** Saved entries **
---

lemma L_V_Suc_le:
  "L (V (Suc k) \<omega>) \<le> L (V k \<omega>) - \<eta> * inner (grad (V k \<omega>)) (SG k \<omega>) + K / 2 * \<eta>^2 * (norm (SG k \<omega>))^2"
proof -
  have "V (Suc k) \<omega> - V k \<omega> = - (\<eta> *\<^sub>R SG k \<omega>)" by (simp add: V_Suc)
  moreover have "(norm (- (\<eta> *\<^sub>R SG k \<omega>)))^2 = \<eta>^2 * (norm (SG k \<omega>))^2"
    using eta_pos by (simp add: power_mult_distrib)
  ultimately show ?thesis
    using L_smooth[of "V (Suc k) \<omega>" "V k \<omega>"] by simp
qed

lemma power2_norm_Mom_Suc_le:
  "(norm (Mom (Suc k) \<omega>))^2 \<le> \<beta> * (norm (Mom k \<omega>))^2 + (1 - \<beta>) * (norm (SG k \<omega>))^2"
  unfolding Mom_Suc by (rule power2_norm_convex_combination_le) (use beta_nonneg beta_less_1 in auto)

text \<open>The momentum lag costs K shift \<parallel>Mom k\<parallel> \<parallel>\<nabla>L\<parallel>, which Young's inequality splits between both terms.\<close>

lemma inner_grad_V_grad_W_ge:
  fixes k :: nat and \<omega> :: "nat \<Rightarrow> nat set"
  defines "g \<equiv> grad (W (Suc k) \<omega>)"
  shows "(norm g)^2 - K * shift * ((norm (Mom k \<omega>))^2 / (2 * sqrt c1) + sqrt c1 * (norm g)^2 / 2)
           \<le> inner (grad (V k \<omega>)) g"
proof -
  define m where "m = Mom k \<omega>"
  have "norm (grad (V k \<omega>) - g) \<le> K * (shift * norm m)"
    using grad_lipschitz[of "V k \<omega>" "W (Suc k) \<omega>"] shift_nonneg by (simp add: g_def m_def V_def)
  then have "norm (grad (V k \<omega>) - g) * norm g \<le> K * (shift * norm m) * norm g"
    by (rule mult_right_mono) simp
  also have "\<dots> = K * shift * (norm m * norm g)"
    by (simp add: mult_ac)
  also have "\<dots> \<le> K * shift * ((norm m)^2 / (2 * sqrt c1) + sqrt c1 * (norm g)^2 / 2)"
    using mult_le_weighted_power2_sum[of "sqrt c1" "norm m" "norm g"] c1_pos K_nonneg shift_nonneg
    by (intro mult_left_mono) auto
  finally have lag: "norm (grad (V k \<omega>) - g) * norm g \<le> \<dots>" .
  have "inner (grad (V k \<omega>)) g = (norm g)^2 + inner (grad (V k \<omega>) - g) g"
    by (simp add: inner_diff_left power2_norm_eq_inner)
  moreover have "- (norm (grad (V k \<omega>) - g) * norm g) \<le> inner (grad (V k \<omega>) - g) g"
    using Cauchy_Schwarz_ineq2[of "grad (V k \<omega>) - g" g] by linarith
  ultimately show ?thesis using lag by (simp add: m_def)
qed

lemma mean_inner_SG:
  assumes "k < T"
  shows "mean T (\<lambda>\<omega>. inner (grad (V k \<omega>)) (SG k \<omega>))
       = mean T (\<lambda>\<omega>. inner (grad (V k \<omega>)) (grad (W (Suc k) \<omega>)))"
proof -
  have avg: "(\<Sum>B\<in>batches N b. inner u (batch_grad dl b x B v)) / real (card (batches N b))
           = inner u (grad v)" for u v
    using batches_nonempty[OF b_le_N] finite_batches[of N b]
    by (simp add: inner_sum_right[symmetric] sum_batch_grad)
  have "mean T (\<lambda>\<omega>. inner (grad (V k \<omega>)) (SG k \<omega>))
      = mean T (\<lambda>\<omega>. (\<lambda>z B. inner (grad (fst z)) (batch_grad dl b x B (snd z)))
                        (V k \<omega>, W (Suc k) \<omega>) (\<omega> (Suc k)))"
    by (simp add: SG_def)
  also have "\<dots> = mean T (\<lambda>\<omega>. inner (grad (V k \<omega>)) (grad (W (Suc k) \<omega>)))"
    using assms by (subst path_mean_fresh_batch[OF finite_batches batches_nonempty[OF b_le_N] _ _
        depends_upto_V_W]) (simp_all add: avg)
  finally show ?thesis .
qed

lemma mean_power2_norm_SG_le:
  assumes "k < T"
  shows "mean T (\<lambda>\<omega>. (norm (SG k \<omega>))^2) \<le> c1 * mean T (\<lambda>\<omega>. (norm (grad (W (Suc k) \<omega>)))^2)"
proof -
  have avg: "(\<Sum>B\<in>batches N b. (norm (batch_grad dl b x B v))^2) / real (card (batches N b))
           \<le> c1 * (norm (grad v))^2" for v
    using sum_power2_norm_batch_grad_le[of v] batches_nonempty[OF b_le_N] finite_batches[of N b]
    by (simp add: divide_simps card_gt_0_iff mult.commute)
  have "mean T (\<lambda>\<omega>. (norm (SG k \<omega>))^2)
      = mean T (\<lambda>\<omega>. (\<lambda>z B. (norm (batch_grad dl b x B (snd z)))^2) (V k \<omega>, W (Suc k) \<omega>) (\<omega> (Suc k)))"
    by (simp add: SG_def)
  also have "\<dots> = mean T (\<lambda>\<omega>. (\<Sum>B\<in>batches N b. (norm (batch_grad dl b x B (W (Suc k) \<omega>)))^2)
                               / real (card (batches N b)))"
    using assms by (subst path_mean_fresh_batch[OF finite_batches batches_nonempty[OF b_le_N] _ _
        depends_upto_V_W]) simp_all
  also have "\<dots> \<le> mean T (\<lambda>\<omega>. c1 * (norm (grad (W (Suc k) \<omega>)))^2)"
    by (intro path_mean_mono avg)
  finally show ?thesis by (simp add: path_mean_cmult)
qed

lemma mean_L_V_Suc_le:
  assumes "k < T"
  shows "mean T (\<lambda>\<omega>. L (V (Suc k) \<omega>))
           \<le> mean T (\<lambda>\<omega>. L (V k \<omega>)) - \<eta> * mean T (\<lambda>\<omega>. inner (grad (V k \<omega>)) (grad (W (Suc k) \<omega>)))
             + K / 2 * \<eta>^2 * mean T (\<lambda>\<omega>. (norm (SG k \<omega>))^2)"
proof -
  have "mean T (\<lambda>\<omega>. L (V (Suc k) \<omega>)) \<le> mean T (\<lambda>\<omega>. L (V k \<omega>)
      - \<eta> * inner (grad (V k \<omega>)) (SG k \<omega>) + K / 2 * \<eta>^2 * (norm (SG k \<omega>))^2)"
    by (rule path_mean_mono) (rule L_V_Suc_le)
  then show ?thesis
    by (simp only: path_mean_add path_mean_diff path_mean_cmult mean_inner_SG[OF assms])
qed

lemma mean_power2_norm_Mom_Suc_le:
  "mean T (\<lambda>\<omega>. (norm (Mom (Suc k) \<omega>))^2)
     \<le> \<beta> * mean T (\<lambda>\<omega>. (norm (Mom k \<omega>))^2) + (1 - \<beta>) * mean T (\<lambda>\<omega>. (norm (SG k \<omega>))^2)"
proof -
  have "mean T (\<lambda>\<omega>. (norm (Mom (Suc k) \<omega>))^2)
      \<le> mean T (\<lambda>\<omega>. \<beta> * (norm (Mom k \<omega>))^2 + (1 - \<beta>) * (norm (SG k \<omega>))^2)"
    by (rule path_mean_mono) (rule power2_norm_Mom_Suc_le)
  then show ?thesis
    by (simp only: path_mean_add path_mean_cmult)
qed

---

** TASK REQUIREMENTS **
Above are the entries; give them back verbatim.

** WRITTEN REPLY **
lemma L_V_Suc_le:
  "L (V (Suc k) \<omega>) \<le> L (V k \<omega>) - \<eta> * inner (grad (V k \<omega>)) (SG k \<omega>) + K / 2 * \<eta>^2 * (norm (SG k \<omega>))^2"
proof -
  have "V (Suc k) \<omega> - V k \<omega> = - (\<eta> *\<^sub>R SG k \<omega>)" by (simp add: V_Suc)
  moreover have "(norm (- (\<eta> *\<^sub>R SG k \<omega>)))^2 = \<eta>^2 * (norm (SG k \<omega>))^2"
    using eta_pos by (simp add: power_mult_distrib)
  ultimately show ?thesis
    using L_smooth[of "V (Suc k) \<omega>" "V k \<omega>"] by simp
qed

lemma power2_norm_Mom_Suc_le:
  "(norm (Mom (Suc k) \<omega>))^2 \<le> \<beta> * (norm (Mom k \<omega>))^2 + (1 - \<beta>) * (norm (SG k \<omega>))^2"
  unfolding Mom_Suc by (rule power2_norm_convex_combination_le) (use beta_nonneg beta_less_1 in auto)

text \<open>The momentum lag costs K shift \<parallel>Mom k\<parallel> \<parallel>\<nabla>L\<parallel>, which Young's inequality splits between both terms.\<close>

lemma inner_grad_V_grad_W_ge:
  fixes k :: nat and \<omega> :: "nat \<Rightarrow> nat set"
  defines "g \<equiv> grad (W (Suc k) \<omega>)"
  shows "(norm g)^2 - K * shift * ((norm (Mom k \<omega>))^2 / (2 * sqrt c1) + sqrt c1 * (norm g)^2 / 2)
           \<le> inner (grad (V k \<omega>)) g"
proof -
  define m where "m = Mom k \<omega>"
  have "norm (grad (V k \<omega>) - g) \<le> K * (shift * norm m)"
    using grad_lipschitz[of "V k \<omega>" "W (Suc k) \<omega>"] shift_nonneg by (simp add: g_def m_def V_def)
  then have "norm (grad (V k \<omega>) - g) * norm g \<le> K * (shift * norm m) * norm g"
    by (rule mult_right_mono) simp
  also have "\<dots> = K * shift * (norm m * norm g)"
    by (simp add: mult_ac)
  also have "\<dots> \<le> K * shift * ((norm m)^2 / (2 * sqrt c1) + sqrt c1 * (norm g)^2 / 2)"
    using mult_le_weighted_power2_sum[of "sqrt c1" "norm m" "norm g"] c1_pos K_nonneg shift_nonneg
    by (intro mult_left_mono) auto
  finally have lag: "norm (grad (V k \<omega>) - g) * norm g \<le> \<dots>" .
  have "inner (grad (V k \<omega>)) g = (norm g)^2 + inner (grad (V k \<omega>) - g) g"
    by (simp add: inner_diff_left power2_norm_eq_inner)
  moreover have "- (norm (grad (V k \<omega>) - g) * norm g) \<le> inner (grad (V k \<omega>) - g) g"
    using Cauchy_Schwarz_ineq2[of "grad (V k \<omega>) - g" g] by linarith
  ultimately show ?thesis using lag by (simp add: m_def)
qed

lemma mean_inner_SG:
  assumes "k < T"
  shows "mean T (\<lambda>\<omega>. inner (grad (V k \<omega>)) (SG k \<omega>))
       = mean T (\<lambda>\<omega>. inner (grad (V k \<omega>)) (grad (W (Suc k) \<omega>)))"
proof -
  have avg: "(\<Sum>B\<in>batches N b. inner u (batch_grad dl b x B v)) / real (card (batches N b))
           = inner u (grad v)" for u v
    using batches_nonempty[OF b_le_N] finite_batches[of N b]
    by (simp add: inner_sum_right[symmetric] sum_batch_grad)
  have "mean T (\<lambda>\<omega>. inner (grad (V k \<omega>)) (SG k \<omega>))
      = mean T (\<lambda>\<omega>. (\<lambda>z B. inner (grad (fst z)) (batch_grad dl b x B (snd z)))
                        (V k \<omega>, W (Suc k) \<omega>) (\<omega> (Suc k)))"
    by (simp add: SG_def)
  also have "\<dots> = mean T (\<lambda>\<omega>. inner (grad (V k \<omega>)) (grad (W (Suc k) \<omega>)))"
    using assms by (subst path_mean_fresh_batch[OF finite_batches batches_nonempty[OF b_le_N] _ _
        depends_upto_V_W]) (simp_all add: avg)
  finally show ?thesis .
qed

lemma mean_power2_norm_SG_le:
  assumes "k < T"
  shows "mean T (\<lambda>\<omega>. (norm (SG k \<omega>))^2) \<le> c1 * mean T (\<lambda>\<omega>. (norm (grad (W (Suc k) \<omega>)))^2)"
proof -
  have avg: "(\<Sum>B\<in>batches N b. (norm (batch_grad dl b x B v))^2) / real (card (batches N b))
           \<le> c1 * (norm (grad v))^2" for v
    using sum_power2_norm_batch_grad_le[of v] batches_nonempty[OF b_le_N] finite_batches[of N b]
    by (simp add: divide_simps card_gt_0_iff mult.commute)
  have "mean T (\<lambda>\<omega>. (norm (SG k \<omega>))^2)
      = mean T (\<lambda>\<omega>. (\<lambda>z B. (norm (batch_grad dl b x B (snd z)))^2) (V k \<omega>, W (Suc k) \<omega>) (\<omega> (Suc k)))"
    by (simp add: SG_def)
  also have "\<dots> = mean T (\<lambda>\<omega>. (\<Sum>B\<in>batches N b. (norm (batch_grad dl b x B (W (Suc k) \<omega>)))^2)
                               / real (card (batches N b)))"
    using assms by (subst path_mean_fresh_batch[OF finite_batches batches_nonempty[OF b_le_N] _ _
        depends_upto_V_W]) simp_all
  also have "\<dots> \<le> mean T (\<lambda>\<omega>. c1 * (norm (grad (W (Suc k) \<omega>)))^2)"
    by (intro path_mean_mono avg)
  finally show ?thesis by (simp add: path_mean_cmult)
qed

lemma mean_L_V_Suc_le:
  assumes "k < T"
  shows "mean T (\<lambda>\<omega>. L (V (Suc k) \<omega>))
           \<le> mean T (\<lambda>\<omega>. L (V k \<omega>)) - \<eta> * mean T (\<lambda>\<omega>. inner (grad (V k \<omega>)) (grad (W (Suc k) \<omega>)))
             + K / 2 * \<eta>^2 * mean T (\<lambda>\<omega>. (norm (SG k \<omega>))^2)"
proof -
  have "mean T (\<lambda>\<omega>. L (V (Suc k) \<omega>)) \<le> mean T (\<lambda>\<omega>. L (V k \<omega>)
      - \<eta> * inner (grad (V k \<omega>)) (SG k \<omega>) + K / 2 * \<eta>^2 * (norm (SG k \<omega>))^2)"
    by (rule path_mean_mono) (rule L_V_Suc_le)
  then show ?thesis
    by (simp only: path_mean_add path_mean_diff path_mean_cmult mean_inner_SG[OF assms])
qed

lemma mean_power2_norm_Mom_Suc_le:
  "mean T (\<lambda>\<omega>. (norm (Mom (Suc k) \<omega>))^2)
     \<le> \<beta> * mean T (\<lambda>\<omega>. (norm (Mom k \<omega>))^2) + (1 - \<beta>) * mean T (\<lambda>\<omega>. (norm (SG k \<omega>))^2)"
proof -
  have "mean T (\<lambda>\<omega>. (norm (Mom (Suc k) \<omega>))^2)
      \<le> mean T (\<lambda>\<omega>. \<beta> * (norm (Mom k \<omega>))^2 + (1 - \<beta>) * (norm (SG k \<omega>))^2)"
    by (rule path_mean_mono) (rule power2_norm_Mom_Suc_le)
  then show ?thesis
    by (simp only: path_mean_add path_mean_cmult)
qed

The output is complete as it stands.